Are not you confusing “information” with “organized and retrievable data”? Just by having all the relevant data stacked in the best “accurate” and “precise” way… do we have the information we need? Do you think this editorial search engine is useful to cover all human interests (how does poltics and policy mix in?, i.e.)?
It’s a great idea for many areas or knowledge and learning. Pushing it to the extreme doesn’t make it a technocratic ideal that dents freedom?
Lots of great replies here.
Kadijah: I don’t mean to denigrate the power of stories, or, more generally, narrative. We’ve been explaining the world to each other through stories for thousands of years, and I’m sure we’ll continue to do so. But there are new types of stories, for example visual and interactive stories, and a story is still sort of an atomic unit, only a piece of a much larger service — consider the relation between “story” and “newspaper.”

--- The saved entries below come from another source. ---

lemma tsallis_approx_eq:
  fixes k0 :: "nat \<Rightarrow> int"
  assumes "d' \<le> d" "m > 0" and a: "\<forall>i<d. a i > 0"
  defines "c0 \<equiv> 1 + (\<Sum>i<d'. (of_int (k0 i))\<^sup>2 / (a i)\<^sup>2)" and "s \<equiv> (m + real d) / 2"
  shows "tsallis_approx m d' a k0 = lattice_approx {d'..<d} c0 s a / lattice_approx {..<d} 1 s a"
proof -
  have exponents: "real (d - d') / 2 - s = - (m + real d') / 2" "s - real (d - d') / 2 = (m + real d') / 2"
      "s - real d / 2 = m / 2"
    using assms(1) by (simp_all add: s_def of_nat_diff field_simps)
  have "pi powr (real d / 2) = pi powr (real (d - d') / 2) * pi powr (real d' / 2)"
    using assms(1) by (simp add: of_nat_diff powr_add[symmetric] field_simps)
  moreover have "(\<Prod>i<d. a i) = (\<Prod>i<d'. a i) * (\<Prod>i\<in>{d'..<d}. a i)"
    using assms(1) by (simp add: lessThan_atLeast0 prod.atLeastLessThan_concat)
  ultimately have "lattice_approx {d'..<d} c0 s a / lattice_approx {..<d} 1 s a =
      c0 powr (- (m + real d') / 2) * (\<Prod>i\<in>{d'..<d}. a i) *
        (pi powr (real (d - d') / 2) * Gamma ((m + real d') / 2) / Gamma s) /
      ((\<Prod>i<d'. a i) * (\<Prod>i\<in>{d'..<d}. a i) *
        (pi powr (real (d - d') / 2) * pi powr (real d' / 2) * Gamma (m / 2) / Gamma s))"
    unfolding lattice_approx_def student_integral_def card_atLeastLessThan card_lessThan exponents
    by simp
  also have "\<dots> = tsallis_approx m d' a k0"
  proof -
    have "(\<Prod>i\<in>{d'..<d}. a i) > 0" "(\<Prod>i<d'. a i) > 0"
      using a assms(1) by (auto intro!: prod_pos)
    moreover have "Gamma s > 0" "Gamma (m / 2) > 0"
      using assms(2) by (auto simp: s_def intro!: Gamma_real_pos)
    ultimately show ?thesis
      unfolding tsallis_approx_def c0_def by (simp add: field_simps del: prod_zero_iff)
  qed
  finally show ?thesis ..
qed
(* Let $\Sigma$ be a finite alphabet, let $T = T_1\cdots T_n$ (the text) and $P = P_1\cdots P_m$ (the pattern) be strings over $\Sigma$, and let $P^G$ be the $\mathcal P$-graph of $P$ (defined in the context). Then for every $i \in [1..n]$, $P$ swap matches $T$ at location $i$ if and only if $P^G$ matches $T$ at position $i$.
   Context: A swap permutation for a string $X = X_1\cdots X_m$ is a permutation $\pi$ of $\{1,\ldots,m\}$ such that (1) if $\pi(i)=j$ then $\pi(j)=i$; (2) $\pi(i)\in\{i-1,i,i+1\}$ for all $i$; (3) if $\pi(i)\neq i$ then $X_{\pi(i)}\neq X_i$. The swapped version is $\pi(X) = X_{\pi(1)}X_{\pi(2)}\cdots X_{\pi(m)}$. $P$ swap matches $T$ at location $i$ (identified by the end position of the match) if there is a swapped version $P'$ of $P$ with $P'_j = T_{i-m+j}$ for all $j\in[1..m]$ (in particular this requires $i\ge m$, so that all these text positions exist). The $\mathcal P$-graph $P^G=(V^P,E^P)$ of $P$ is the directed graph whose vertices are entries of a $3\times m$ array $M$ with rows indexed $-1,0,+1$: the vertices are $M[-1,i]$ for $2\le i\le m$ with label $P_{i-1}$; $M[0,i]$ for $1\le i\le m$ with label $P_i$; and $M[+1,i]$ for $1\le i\le m-1$ with label $P_{i+1}$. The edges are: $(M[-1,i],M[0,i+1])$ for $2\le i\le m-1$; $(M[-1,i],M[+1,i+1])$ for $2\le i\le m-2$; $(M[0,i],M[0,i+1])$ for $1\le i\le m-1$; $(M[0,i],M[+1,i+1])$ for $1\le i\le m-2$; and $(M[+1,i],M[-1,i+1])$ for $1\le i\le m-1$. $P^G$ matches $T$ at position $i\in[1..n]$ if there is a directed path $u_1u_2\cdots u_m$ in $P^G$ (consecutive vertices joined by edges) with $u_1\in\{M[0,1],M[+1,1]\}$, $u_m\in\{M[-1,m],M[0,m]\}$, and $\mathrm{label}(u_j)=T_{i-m+j}$ for all $j\in[1..m]$ (again requiring all these text positions to exist). *)

theory Defs
  imports Main
begin

text \<open>Strings are 1-indexed: a string X of length m is a function X :: nat => 'a,
  whose letters are X 1, ..., X m (values outside [1..m] are irrelevant).\<close>

definition swap_perm :: "(nat \<Rightarrow> 'a) \<Rightarrow> nat \<Rightarrow> (nat \<Rightarrow> nat) \<Rightarrow> bool" where
  "swap_perm X m \<pi> \<longleftrightarrow>
     bij_betw \<pi> {1..m} {1..m} \<and>
     (\<forall>i\<in>{1..m}. \<pi> (\<pi> i) = i) \<and>
     (\<forall>i\<in>{1..m}. \<pi> i = i - 1 \<and> i \<ge> 1 \<or> \<pi> i = i \<or> \<pi> i = i + 1) \<and>
     (\<forall>i\<in>{1..m}. \<pi> i \<noteq> i \<longrightarrow> X (\<pi> i) \<noteq> X i)"

definition swap_match :: "(nat \<Rightarrow> 'a) \<Rightarrow> nat \<Rightarrow> (nat \<Rightarrow> 'a) \<Rightarrow> nat \<Rightarrow> nat \<Rightarrow> bool" where
  "swap_match P m T n i \<longleftrightarrow>
     m \<le> i \<and> i \<le> n \<and>
     (\<exists>\<pi>. swap_perm P m \<pi> \<and> (\<forall>j\<in>{1..m}. P (\<pi> j) = T (i - m + j)))"

text \<open>P-graph: vertex M[r,i] is the pair (r,i) with r \<in> {-1,0,1}.\<close>
definition PG_vertices :: "nat \<Rightarrow> (int \<times> nat) set" where
  "PG_vertices m =
     {(-1, i) | i. 2 \<le> i \<and> i \<le> m} \<union>
     {(0, i) | i. 1 \<le> i \<and> i \<le> m} \<union>
     {(1, i) | i. 1 \<le> i \<and> i + 1 \<le> m}"

definition PG_label :: "(nat \<Rightarrow> 'a) \<Rightarrow> int \<times> nat \<Rightarrow> 'a" where
  "PG_label P v = P (nat (int (snd v) + fst v))"

definition PG_edges :: "nat \<Rightarrow> ((int \<times> nat) \<times> (int \<times> nat)) set" where
  "PG_edges m =
     {((-1, i), (0, i + 1)) | i. 2 \<le> i \<and> i + 1 \<le> m} \<union>
     {((-1, i), (1, i + 1)) | i. 2 \<le> i \<and> i + 2 \<le> m} \<union>
     {((0, i), (0, i + 1)) | i. 1 \<le> i \<and> i + 1 \<le> m} \<union>
     {((0, i), (1, i + 1)) | i. 1 \<le> i \<and> i + 2 \<le> m} \<union>
     {((1, i), (-1, i + 1)) | i. 1 \<le> i \<and> i + 1 \<le> m}"

definition PG_match :: "(nat \<Rightarrow> 'a) \<Rightarrow> nat \<Rightarrow> (nat \<Rightarrow> 'a) \<Rightarrow> nat \<Rightarrow> nat \<Rightarrow> bool" where
  "PG_match P m T n i \<longleftrightarrow>
     m \<le> i \<and> i \<le> n \<and>
     (\<exists>u :: nat \<Rightarrow> int \<times> nat.
        (\<forall>j\<in>{1..m}. u j \<in> PG_vertices m) \<and>
        (\<forall>j. 1 \<le> j \<and> j < m \<longrightarrow> (u j, u (j + 1)) \<in> PG_edges m) \<and>
        u 1 \<in> {(0, 1), (1, 1)} \<and>
        u m \<in> {(-1, m), (0, m)} \<and>
        (\<forall>j\<in>{1..m}. PG_label P (u j) = T (i - m + j)))"

end

theory Submission
  imports Defs
begin

text \<open>A swap permutation \<pi> is encoded as the path through the vertices M[\<pi> j - j, j], whose
  label at column j is P (\<pi> j). The edges of the P-graph allow any sequence of offsets in which
  an offset +1 is immediately followed by -1, which is exactly the involution condition on \<pi>.
  Conversely the offsets of a path define a swap permutation, except that a swap of two equal
  letters is forbidden; replacing it by the identity does not change any label.\<close>

definition PG_path :: "nat \<Rightarrow> (nat \<Rightarrow> int \<times> nat) \<Rightarrow> bool" where
  "PG_path m u \<longleftrightarrow>
     (\<forall>j\<in>{1..m}. u j \<in> PG_vertices m) \<and>
     (\<forall>j. 1 \<le> j \<and> j < m \<longrightarrow> (u j, u (j + 1)) \<in> PG_edges m) \<and>
     u 1 \<in> {(0, 1), (1, 1)} \<and>
     u m \<in> {(-1, m), (0, m)}"

lemma PG_match_iff_PG_path:
  "PG_match P m T n i \<longleftrightarrow>
     m \<le> i \<and> i \<le> n \<and> (\<exists>u. PG_path m u \<and> (\<forall>j\<in>{1..m}. PG_label P (u j) = T (i - m + j)))"
  unfolding PG_match_def PG_path_def by blast

lemma PG_vertexD:
  "(r, j) \<in> PG_vertices m \<Longrightarrow>
     r = -1 \<and> 2 \<le> j \<and> j \<le> m \<or> r = 0 \<and> 1 \<le> j \<and> j \<le> m \<or> r = 1 \<and> 1 \<le> j \<and> j + 1 \<le> m"
  unfolding PG_vertices_def by auto

lemma PG_edgeD:
  "((r, j), (s, k)) \<in> PG_edges m \<Longrightarrow> k = j + 1 \<and> (r = 1 \<longleftrightarrow> s = -1)"
  unfolding PG_edges_def by auto

lemma PG_label_offset [simp]: "PG_label P (int k - int j, j) = P k"
  by (simp add: PG_label_def)

lemma PG_path_column:
  assumes "PG_path m u" and "j \<in> {1..m}"
  shows "u j = (fst (u j), j)"
  using assms(2)
proof (induction j)
  case 0
  then show ?case by simp
next
  case (Suc j)
  show ?case
  proof (cases "j = 0")
    case True
    then show ?thesis using assms(1) by (auto simp: PG_path_def)
  next
    case False
    with Suc have "u j = (fst (u j), j)" and "(u j, u (j + 1)) \<in> PG_edges m"
      using assms(1) by (auto simp: PG_path_def)
    then show ?thesis
      by (metis PG_edgeD Suc_eq_plus1 prod.collapse)
  qed
qed

lemma PG_path_offset_cases:
  assumes "PG_path m u" and "j \<in> {1..m}"
  shows "fst (u j) = -1 \<and> 2 \<le> j \<or> fst (u j) = 0 \<or> fst (u j) = 1 \<and> j + 1 \<le> m"
  using PG_vertexD[of "fst (u j)" j m] PG_path_column[OF assms] assms
  by (auto simp: PG_path_def)

lemma PG_path_offset_step:
  assumes "PG_path m u" and "1 \<le> j" and "j < m"
  shows "fst (u j) = 1 \<longleftrightarrow> fst (u (j + 1)) = -1"
proof -
  have "(u j, u (j + 1)) \<in> PG_edges m"
    using assms by (auto simp: PG_path_def)
  moreover have "u j = (fst (u j), j)" and "u (j + 1) = (fst (u (j + 1)), j + 1)"
    using PG_path_column[OF assms(1)] assms by auto
  ultimately show ?thesis
    by (metis PG_edgeD)
qed

lemma swap_perm_PG_path:
  assumes "1 \<le> m" and "swap_perm P m \<pi>"
  shows "PG_path m (\<lambda>j. (int (\<pi> j) - int j, j))"
proof -
  define u where "u j = (int (\<pi> j) - int j, j)" for j
  have into: "\<pi> j \<in> {1..m}" and invol: "\<pi> (\<pi> j) = j"
    and near: "\<pi> j = j - 1 \<or> \<pi> j = j \<or> \<pi> j = j + 1" if "j \<in> {1..m}" for j
    using assms(2) that unfolding swap_perm_def bij_betw_def by auto
  have u_cases: "u j = (-1, j) \<and> 2 \<le> j \<and> \<pi> j = j - 1 \<or> u j = (0, j) \<and> \<pi> j = j
      \<or> u j = (1, j) \<and> j + 1 \<le> m \<and> \<pi> j = j + 1" if "j \<in> {1..m}" for j
    using near[OF that] into[OF that] that by (auto simp: u_def of_nat_diff)
  have "u j \<in> PG_vertices m" if "j \<in> {1..m}" for j
    using u_cases[OF that] that unfolding PG_vertices_def by auto
  moreover have "(u j, u (j + 1)) \<in> PG_edges m" if "1 \<le> j" "j < m" for j
  proof -
    have "\<pi> j = j + 1 \<longleftrightarrow> \<pi> (j + 1) = j"
      using invol[of j] invol[of "j + 1"] that by auto
    with u_cases[of j] u_cases[of "j + 1"] that show ?thesis
      unfolding PG_edges_def by auto
  qed
  moreover have "u 1 \<in> {(0, 1), (1, 1)}" and "u m \<in> {(-1, m), (0, m)}"
    using u_cases[of 1] u_cases[of m] assms(1) by auto
  ultimately show ?thesis
    unfolding PG_path_def u_def by blast
qed

lemma PG_path_swap_perm:
  assumes "PG_path m u"
  shows "\<exists>\<pi>. swap_perm P m \<pi> \<and> (\<forall>j\<in>{1..m}. P (\<pi> j) = PG_label P (u j))"
proof -
  define r where "r j = fst (u j)" for j
  have r_cases: "r j = -1 \<and> 2 \<le> j \<or> r j = 0 \<or> r j = 1 \<and> j + 1 \<le> m" if "j \<in> {1..m}" for j
    using PG_path_offset_cases[OF assms that] by (simp add: r_def)
  have r_step: "r j = 1 \<longleftrightarrow> r (j + 1) = -1" if "1 \<le> j" "j < m" for j
    using PG_path_offset_step[OF assms that] by (simp add: r_def)
  define \<pi> where "\<pi> j = (if r j = 1 \<and> P (j + 1) \<noteq> P j then j + 1
      else if r j = -1 \<and> P (j - 1) \<noteq> P j then j - 1 else j)" for j
  have into: "\<pi> j \<in> {1..m}" if "j \<in> {1..m}" for j
    using r_cases[OF that] that unfolding \<pi>_def by fastforce
  have invol: "\<pi> (\<pi> j) = j" if j: "j \<in> {1..m}" for j
  proof (cases "r j = 1 \<and> P (j + 1) \<noteq> P j")
    case True
    with r_cases[OF j] r_step[of j] j have "r (j + 1) = -1" by auto
    with True show ?thesis unfolding \<pi>_def by auto
  next
    case not_right: False
    show ?thesis
    proof (cases "r j = -1 \<and> P (j - 1) \<noteq> P j")
      case True
      with r_cases[OF j] have "2 \<le> j" by auto
      with r_step[of "j - 1"] True j have "r (j - 1) = 1" by auto
      with True not_right \<open>2 \<le> j\<close> show ?thesis unfolding \<pi>_def by auto
    qed (use not_right in \<open>auto simp: \<pi>_def\<close>)
  qed
  have "swap_perm P m \<pi>"
    unfolding swap_perm_def
  proof (intro conjI ballI)
    show "bij_betw \<pi> {1..m} {1..m}"
      by (rule bij_betw_byWitness[where f' = \<pi>]) (use invol into in auto)
  next
    fix j
    assume "j \<in> {1..m}"
    then show "\<pi> (\<pi> j) = j" by (rule invol)
  qed (auto simp: \<pi>_def)
  moreover have "P (\<pi> j) = PG_label P (u j)" if j: "j \<in> {1..m}" for j
  proof -
    have "u j = (r j, j)"
      using PG_path_column[OF assms j] by (simp add: r_def)
    then show ?thesis
      using r_cases[OF j] unfolding \<pi>_def PG_label_def by (auto simp: nat_add_distrib nat_diff_distrib)
  qed
  ultimately show ?thesis by blast
qed

theorem lemma1:
  fixes T P :: "nat \<Rightarrow> 'a::finite" and n m :: nat
  assumes "1 \<le> m"
  shows "\<forall>i\<in>{1..n}. swap_match P m T n i \<longleftrightarrow> PG_match P m T n i"
proof (intro ballI iffI)
  fix i
  assume "swap_match P m T n i"
  then obtain \<pi> where "m \<le> i" "i \<le> n" "swap_perm P m \<pi>"
    and "\<forall>j\<in>{1..m}. P (\<pi> j) = T (i - m + j)"
    unfolding swap_match_def by blast
  with swap_perm_PG_path[OF assms] show "PG_match P m T n i"
    unfolding PG_match_iff_PG_path by (intro conjI exI[of _ "\<lambda>j. (int (\<pi> j) - int j, j)"]) auto
next
  fix i
  assume "PG_match P m T n i"
  then obtain u where "m \<le> i" "i \<le> n" "PG_path m u"
    and "\<forall>j\<in>{1..m}. PG_label P (u j) = T (i - m + j)"
    unfolding PG_match_iff_PG_path by blast
  with PG_path_swap_perm[of m u P] show "swap_match P m T n i"
    unfolding swap_match_def by fastforce
qed

end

Daniel: capturing 100% of a topic is indeed key. What I’m arguing here is a) that’s impossible without clever automation and b) that automation includes “editorial judgement” in the classic sense.
Seth: you are right that that some of Google’s language shift seems to be due to legal reasons, and the article I linked above discusses this in a more nuanced way. But I think the point stands: you can’t write a page ranking algorithm without a some point looking at the results and asking, “is this a good ranking?” and it’s at that point that human judgements come in.
Steve: “Giving me everything I might want is good, but helping me find exactly want I want is a true game-changer.” Extremely well put, thanks for this clarification. And you may be interested in some of the research work around the AP’s Knight News Challenge application.
Toni: I don’t believe in technocratic ideals. I believe in building computer systems that do what humans want. Are not both a human editor and the authors of Google’s algorithms attempting to select the material that is, in some way, “best”? And I see no contradiction with politics and policy — we are free to design the algorithms to treat politics and policy-related material in any way that we find satisfying. But I would be interested in hearing more about the difference you see between Google’s “information” and a journalists “information,” because I think there may be an important distinction here.
Thank you everyone for the lively response.
Come to think of it, you might enjoy a book chapter I wrote a few years ago:
“Google, Links, and Popularity versus Authority”
See in particular page 108, where I draw analogies to journalistic “algorithms”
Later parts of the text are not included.